Collected data>
══════════

fun row_coeff :: "('h \<Rightarrow> real set) \<Rightarrow> 'h cover_row \<Rightarrow> real \<Rightarrow> real" where
  "row_coeff E Budget p = 1"
| "row_coeff E (Edge h) p = (if p \<in> E h then -1 else 0)"
| "row_coeff E (Point q) p = (if p = q then -1 else 0)"

fun row_bound :: "('h \<Rightarrow> real) \<Rightarrow> real \<Rightarrow> 'h cover_row \<Rightarrow> real" where
  "row_bound w T Budget = T"
| "row_bound w T (Edge h) = - w h"
| "row_bound w T (Point q) = 0"

definition cover_rows :: "'h set \<Rightarrow> real set \<Rightarrow> 'h cover_row set" where
  "cover_rows H P = insert Budget (Edge ` H \<union> Point ` P)"

lemma sum_cover_rows:
  assumes "finite H" "finite P"
  shows "(\<Sum>s\<in>cover_rows H P. g s) = g Budget + (\<Sum>h\<in>H. g (Edge h)) + (\<Sum>p\<in>P. g (Point p))"
proof -
  have "(\<Sum>s\<in>cover_rows H P. g s) = g Budget + ((\<Sum>s\<in>Edge ` H. g s) + (\<Sum>s\<in>Point ` P. g s))"
  proof -
    have "Edge ` H \<inter> Point ` P = {}" by auto
    then show ?thesis
      using assms sum.union_disjoint[of "Edge ` H" "Point ` P" g] unfolding cover_rows_def
      by (subst sum.insert) auto
  qed
  also have "(\<Sum>s\<in>Edge ` H. g s) = (\<Sum>h\<in>H. g (Edge h))"
    by (subst sum.reindex) (auto simp: inj_on_def)
  also have "(\<Sum>s\<in>Point ` P. g s) = (\<Sum>p\<in>P. g (Point p))"
    by (subst sum.reindex) (auto simp: inj_on_def)
  finally show ?thesis by (simp add: add.assoc)
qed

lemma cover_rows_solution:
  assumes "finite P" "\<forall>s\<in>cover_rows H P. (\<Sum>p\<in>P. row_coeff E s p * x p) \<le> row_bound w T s"
  shows "(\<forall>p\<in>P. 0 \<le> x p) \<and> (\<forall>h\<in>H. w h \<le> (\<Sum>p\<in>P \<inter> E h. x p)) \<and> (\<Sum>p\<in>P. x p) \<le> T"
proof (intro conjI ballI)
  fix q assume q: "q \<in> P"
  then have "Point q \<in> cover_rows H P" unfolding cover_rows_def by simp
  then have "(\<Sum>p\<in>P. row_coeff E (Point q) p * x p) \<le> 0" using assms(2) by fastforce
  moreover have "(\<Sum>p\<in>P. row_coeff E (Point q) p * x p) = (\<Sum>p\<in>P. if p = q then - x p else 0)"
    by (intro sum.cong) auto
  ultimately show "0 \<le> x q" using assms(1) q by simp
next
  fix h assume "h \<in> H"
  then have "Edge h \<in> cover_rows H P" unfolding cover_rows_def by simp
  then have "(\<Sum>p\<in>P. row_coeff E (Edge h) p * x p) \<le> - w h" using assms(2) by fastforce
  moreover have "(\<Sum>p\<in>P. row_coeff E (Edge h) p * x p) = - (\<Sum>p\<in>P \<inter> E h. x p)"
    unfolding sum.inter_restrict[OF assms(1)] sum_negf[symmetric] by (intro sum.cong) auto
  ultimately show "w h \<le> (\<Sum>p\<in>P \<inter> E h. x p)" by simp
next
  have "Budget \<in> cover_rows H P" unfolding cover_rows_def by simp
  then show "(\<Sum>p\<in>P. x p) \<le> T" using assms(2) by fastforce
qed

lemma cover_rows_certificate:
  assumes "finite H" "finite P" "\<forall>s. 0 \<le> y s"
    and "\<forall>p\<in>P. (\<Sum>s\<in>cover_rows H P. y s * row_coeff E s p) = 0"
  shows "\<forall>p\<in>P. (\<Sum>h\<in>H. if p \<in> E h then y (Edge h) else 0) \<le> y Budget"
    and "(\<Sum>s\<in>cover_rows H P. y s * row_bound w T s) = y Budget * T - (\<Sum>h\<in>H. y (Edge h) * w h)"
proof -
  show "\<forall>p\<in>P. (\<Sum>h\<in>H. if p \<in> E h then y (Edge h) else 0) \<le> y Budget"
  proof
    fix p assume p: "p \<in> P"
    have "(\<Sum>h\<in>H. y (Edge h) * row_coeff E (Edge h) p)
        = - (\<Sum>h\<in>H. if p \<in> E h then y (Edge h) else 0)"
      unfolding sum_negf[symmetric] by (intro sum.cong) auto
    then have "(\<Sum>s\<in>cover_rows H P. y s * row_coeff E s p)
        = y Budget - (\<Sum>h\<in>H. if p \<in> E h then y (Edge h) else 0) - y (Point p)"
      using assms(1,2) p by (simp add: sum_cover_rows if_distrib cong: if_cong)
    then show "(\<Sum>h\<in>H. if p \<in> E h then y (Edge h) else 0) \<le> y Budget"
      using assms(3,4) p by (metis diff_ge_0_iff_ge eq_iff_diff_eq_0)
  qed
  show "(\<Sum>s\<in>cover_rows H P. y s * row_bound w T s) = y Budget * T - (\<Sum>h\<in>H. y (Edge h) * w h)"
    using assms(1,2) by (simp add: sum_cover_rows sum_negf)
qed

══════════

Task instructions> Answer with one number, namely how many lines in the records contain the string "insert".

Answer space> 2